> **Work instructions**
Provide the data again in its entirety, exactly as given.

Saved entries:
===
lemma monodromy_intertwine:
  assumes "intertwines R W V"
  shows "(\<Sum>u\<in>UNIV. R a u * monodromy W ts u cs b ds) = (\<Sum>u\<in>UNIV. monodromy V ts a cs u ds * R u b)"
proof (induction ts arbitrary: cs ds b)
  case Nil
  then show ?case
    by (cases cs; cases ds)
      (simp_all add: if_distrib[of "\<lambda>x. _ * x"] if_distrib[of "\<lambda>x. x * _"] cong: if_cong)
next
  case (Cons t ts)
  show ?case
  proof (cases cs; cases ds)
    fix c cs' d ds'
    assume cs: "cs = c # cs'" and ds: "ds = d # ds'"
    have "(\<Sum>u\<in>UNIV. R a u * monodromy W (t # ts) u cs b ds)
        = (\<Sum>e\<in>UNIV. (\<Sum>u\<in>UNIV. R a u * monodromy W ts u cs' e ds') * W t e c b d)"
      by (simp only: cs ds monodromy.simps sum_distrib_left sum_distrib_right mult.assoc) (rule sum.swap)
    also have "\<dots> = (\<Sum>e\<in>UNIV. (\<Sum>f\<in>UNIV. monodromy V ts a cs' f ds' * R f e) * W t e c b d)"
      by (simp only: Cons.IH)
    also have "\<dots> = (\<Sum>f\<in>UNIV. monodromy V ts a cs' f ds' * (\<Sum>e\<in>UNIV. R f e * W t e c b d))"
      by (simp only: sum_distrib_left sum_distrib_right mult.assoc) (rule sum.swap)
    also have "\<dots> = (\<Sum>f\<in>UNIV. monodromy V ts a cs' f ds' * (\<Sum>u\<in>UNIV. V t f c u d * R u b))"
      using assms by (simp add: intertwines_def)
    also have "\<dots> = (\<Sum>u\<in>UNIV. monodromy V (t # ts) a cs u ds * R u b)"
      by (simp only: cs ds monodromy.simps sum_distrib_left sum_distrib_right mult.assoc) (rule sum.swap)
    finally show ?thesis .
  qed simp_all
qed

lemma twisted_trace_similar:
  fixes M N R S :: "'p::finite \<Rightarrow> 'p \<Rightarrow> 'r::comm_ring_1"
  assumes intertwine: "\<And>p q. (\<Sum>u\<in>UNIV. R p u * M u q) = (\<Sum>u\<in>UNIV. N p u * R u q)"
    and right_inverse: "\<And>p q. (\<Sum>u\<in>UNIV. R p u * S u q) = (if p = q then 1 else 0)"
    and left_inverse: "\<And>p q. (\<Sum>u\<in>UNIV. S p u * R u q) = (if p = q then 1 else 0)"
    and twist_commute: "\<And>p q. \<theta> p * R p q = R p q * \<theta> q"
  shows "(\<Sum>p\<in>UNIV. \<theta> p * M p p) = (\<Sum>p\<in>UNIV. \<theta> p * N p p)"
proof -
  have N_conj: "N p q = (\<Sum>v\<in>UNIV. (\<Sum>u\<in>UNIV. R p u * M u v) * S v q)" for p q
  proof -
    have "N p q = (\<Sum>u\<in>UNIV. N p u * (\<Sum>v\<in>UNIV. R u v * S v q))"
      by (simp add: right_inverse if_distrib[of "\<lambda>x. _ * x"] cong: if_cong)
    also have "\<dots> = (\<Sum>v\<in>UNIV. (\<Sum>u\<in>UNIV. N p u * R u v) * S v q)"
      by (simp only: sum_distrib_left sum_distrib_right mult.assoc) (rule sum.swap)
    finally show ?thesis
      by (simp only: intertwine)
  qed
  have "(\<Sum>p\<in>UNIV. \<theta> p * N p p) = (\<Sum>p\<in>UNIV. \<Sum>v\<in>UNIV. \<Sum>u\<in>UNIV. \<theta> p * R p u * M u v * S v p)"
    by (simp only: N_conj sum_distrib_left sum_distrib_right mult.assoc)
  also have "\<dots> = (\<Sum>p\<in>UNIV. \<Sum>u\<in>UNIV. \<Sum>v\<in>UNIV. R p u * \<theta> u * M u v * S v p)"
    by (simp only: twist_commute) (rule sum.cong[OF refl], rule sum.swap)
  also have "\<dots> = (\<Sum>u\<in>UNIV. \<Sum>p\<in>UNIV. \<Sum>v\<in>UNIV. R p u * \<theta> u * M u v * S v p)"
    by (rule sum.swap)
  also have "\<dots> = (\<Sum>u\<in>UNIV. \<Sum>v\<in>UNIV. \<Sum>p\<in>UNIV. R p u * \<theta> u * M u v * S v p)"
    by (rule sum.cong[OF refl], rule sum.swap)
  also have "\<dots> = (\<Sum>u\<in>UNIV. \<Sum>v\<in>UNIV. \<theta> u * M u v * (\<Sum>p\<in>UNIV. S v p * R p u))"
    by (simp only: sum_distrib_left mult_ac)
  also have "\<dots> = (\<Sum>p\<in>UNIV. \<theta> p * M p p)"
    by (simp add: left_inverse if_distrib[of "\<lambda>x. _ * x"] cong: if_cong)
  finally show ?thesis ..
qed

lemma twisted_transfer_similar:
  assumes "intertwines R W V"
    and "\<And>p q. (\<Sum>u\<in>UNIV. R p u * S u q) = (if p = q then 1 else 0)"
    and "\<And>p q. (\<Sum>u\<in>UNIV. S p u * R u q) = (if p = q then 1 else 0)"
    and "\<And>p q. \<theta> p * R p q = R p q * \<theta> q"
  shows "twisted_transfer \<theta> W ts cs ds = twisted_transfer \<theta> V ts cs ds"
  unfolding twisted_transfer_def
  by (rule twisted_trace_similar[OF monodromy_intertwine[OF assms(1)] assms(2-4)])

definition transvection :: "'p \<Rightarrow> 'p \<Rightarrow> 'r::comm_ring_1 \<Rightarrow> 'p \<Rightarrow> 'p \<Rightarrow> 'r" where
  "transvection P Q s p u = (if p = u then 1 else 0) + (if p = P \<and> u = Q then s else 0)"

lemma transvection_mult_inverse:
  fixes P Q :: "'p::finite"
  assumes "P \<noteq> Q"
  shows "(\<Sum>u\<in>UNIV. transvection P Q s p u * transvection P Q (- s) u v) = (if p = v then 1 else 0)"
  using assms
  by (simp add: transvection_def algebra_simps sum.distrib if_distrib[of "\<lambda>x. x * _"]
      if_distrib[of "\<lambda>x. _ * x"] cong: if_cong)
===
> **Task answer**
lemma monodromy_intertwine:
  assumes "intertwines R W V"
  shows "(\<Sum>u\<in>UNIV. R a u * monodromy W ts u cs b ds) = (\<Sum>u\<in>UNIV. monodromy V ts a cs u ds * R u b)"
proof (induction ts arbitrary: cs ds b)
  case Nil
  then show ?case
    by (cases cs; cases ds)
      (simp_all add: if_distrib[of "\<lambda>x. _ * x"] if_distrib[of "\<lambda>x. x * _"] cong: if_cong)
next
  case (Cons t ts)
  show ?case
  proof (cases cs; cases ds)
    fix c cs' d ds'
    assume cs: "cs = c # cs'" and ds: "ds = d # ds'"
    have "(\<Sum>u\<in>UNIV. R a u * monodromy W (t # ts) u cs b ds)
        = (\<Sum>e\<in>UNIV. (\<Sum>u\<in>UNIV. R a u * monodromy W ts u cs' e ds') * W t e c b d)"
      by (simp only: cs ds monodromy.simps sum_distrib_left sum_distrib_right mult.assoc) (rule sum.swap)
    also have "\<dots> = (\<Sum>e\<in>UNIV. (\<Sum>f\<in>UNIV. monodromy V ts a cs' f ds' * R f e) * W t e c b d)"
      by (simp only: Cons.IH)
    also have "\<dots> = (\<Sum>f\<in>UNIV. monodromy V ts a cs' f ds' * (\<Sum>e\<in>UNIV. R f e * W t e c b d))"
      by (simp only: sum_distrib_left sum_distrib_right mult.assoc) (rule sum.swap)
    also have "\<dots> = (\<Sum>f\<in>UNIV. monodromy V ts a cs' f ds' * (\<Sum>u\<in>UNIV. V t f c u d * R u b))"
      using assms by (simp add: intertwines_def)
    also have "\<dots> = (\<Sum>u\<in>UNIV. monodromy V (t # ts) a cs u ds * R u b)"
      by (simp only: cs ds monodromy.simps sum_distrib_left sum_distrib_right mult.assoc) (rule sum.swap)
    finally show ?thesis .
  qed simp_all
qed

lemma twisted_trace_similar:
  fixes M N R S :: "'p::finite \<Rightarrow> 'p \<Rightarrow> 'r::comm_ring_1"
  assumes intertwine: "\<And>p q. (\<Sum>u\<in>UNIV. R p u * M u q) = (\<Sum>u\<in>UNIV. N p u * R u q)"
    and right_inverse: "\<And>p q. (\<Sum>u\<in>UNIV. R p u * S u q) = (if p = q then 1 else 0)"
    and left_inverse: "\<And>p q. (\<Sum>u\<in>UNIV. S p u * R u q) = (if p = q then 1 else 0)"
    and twist_commute: "\<And>p q. \<theta> p * R p q = R p q * \<theta> q"
  shows "(\<Sum>p\<in>UNIV. \<theta> p * M p p) = (\<Sum>p\<in>UNIV. \<theta> p * N p p)"
proof -
  have N_conj: "N p q = (\<Sum>v\<in>UNIV. (\<Sum>u\<in>UNIV. R p u * M u v) * S v q)" for p q
  proof -
    have "N p q = (\<Sum>u\<in>UNIV. N p u * (\<Sum>v\<in>UNIV. R u v * S v q))"
      by (simp add: right_inverse if_distrib[of "\<lambda>x. _ * x"] cong: if_cong)
    also have "\<dots> = (\<Sum>v\<in>UNIV. (\<Sum>u\<in>UNIV. N p u * R u v) * S v q)"
      by (simp only: sum_distrib_left sum_distrib_right mult.assoc) (rule sum.swap)
    finally show ?thesis
      by (simp only: intertwine)
  qed
  have "(\<Sum>p\<in>UNIV. \<theta> p * N p p) = (\<Sum>p\<in>UNIV. \<Sum>v\<in>UNIV. \<Sum>u\<in>UNIV. \<theta> p * R p u * M u v * S v p)"
    by (simp only: N_conj sum_distrib_left sum_distrib_right mult.assoc)
  also have "\<dots> = (\<Sum>p\<in>UNIV. \<Sum>u\<in>UNIV. \<Sum>v\<in>UNIV. R p u * \<theta> u * M u v * S v p)"
    by (simp only: twist_commute) (rule sum.cong[OF refl], rule sum.swap)
  also have "\<dots> = (\<Sum>u\<in>UNIV. \<Sum>p\<in>UNIV. \<Sum>v\<in>UNIV. R p u * \<theta> u * M u v * S v p)"
    by (rule sum.swap)
  also have "\<dots> = (\<Sum>u\<in>UNIV. \<Sum>v\<in>UNIV. \<Sum>p\<in>UNIV. R p u * \<theta> u * M u v * S v p)"
    by (rule sum.cong[OF refl], rule sum.swap)
  also have "\<dots> = (\<Sum>u\<in>UNIV. \<Sum>v\<in>UNIV. \<theta> u * M u v * (\<Sum>p\<in>UNIV. S v p * R p u))"
    by (simp only: sum_distrib_left mult_ac)
  also have "\<dots> = (\<Sum>p\<in>UNIV. \<theta> p * M p p)"
    by (simp add: left_inverse if_distrib[of "\<lambda>x. _ * x"] cong: if_cong)
  finally show ?thesis ..
qed

lemma twisted_transfer_similar:
  assumes "intertwines R W V"
    and "\<And>p q. (\<Sum>u\<in>UNIV. R p u * S u q) = (if p = q then 1 else 0)"
    and "\<And>p q. (\<Sum>u\<in>UNIV. S p u * R u q) = (if p = q then 1 else 0)"
    and "\<And>p q. \<theta> p * R p q = R p q * \<theta> q"
  shows "twisted_transfer \<theta> W ts cs ds = twisted_transfer \<theta> V ts cs ds"
  unfolding twisted_transfer_def
  by (rule twisted_trace_similar[OF monodromy_intertwine[OF assms(1)] assms(2-4)])

definition transvection :: "'p \<Rightarrow> 'p \<Rightarrow> 'r::comm_ring_1 \<Rightarrow> 'p \<Rightarrow> 'p \<Rightarrow> 'r" where
  "transvection P Q s p u = (if p = u then 1 else 0) + (if p = P \<and> u = Q then s else 0)"

lemma transvection_mult_inverse:
  fixes P Q :: "'p::finite"
  assumes "P \<noteq> Q"
  shows "(\<Sum>u\<in>UNIV. transvection P Q s p u * transvection P Q (- s) u v) = (if p = v then 1 else 0)"
  using assms
  by (simp add: transvection_def algebra_simps sum.distrib if_distrib[of "\<lambda>x. x * _"]
      if_distrib[of "\<lambda>x. _ * x"] cong: if_cong)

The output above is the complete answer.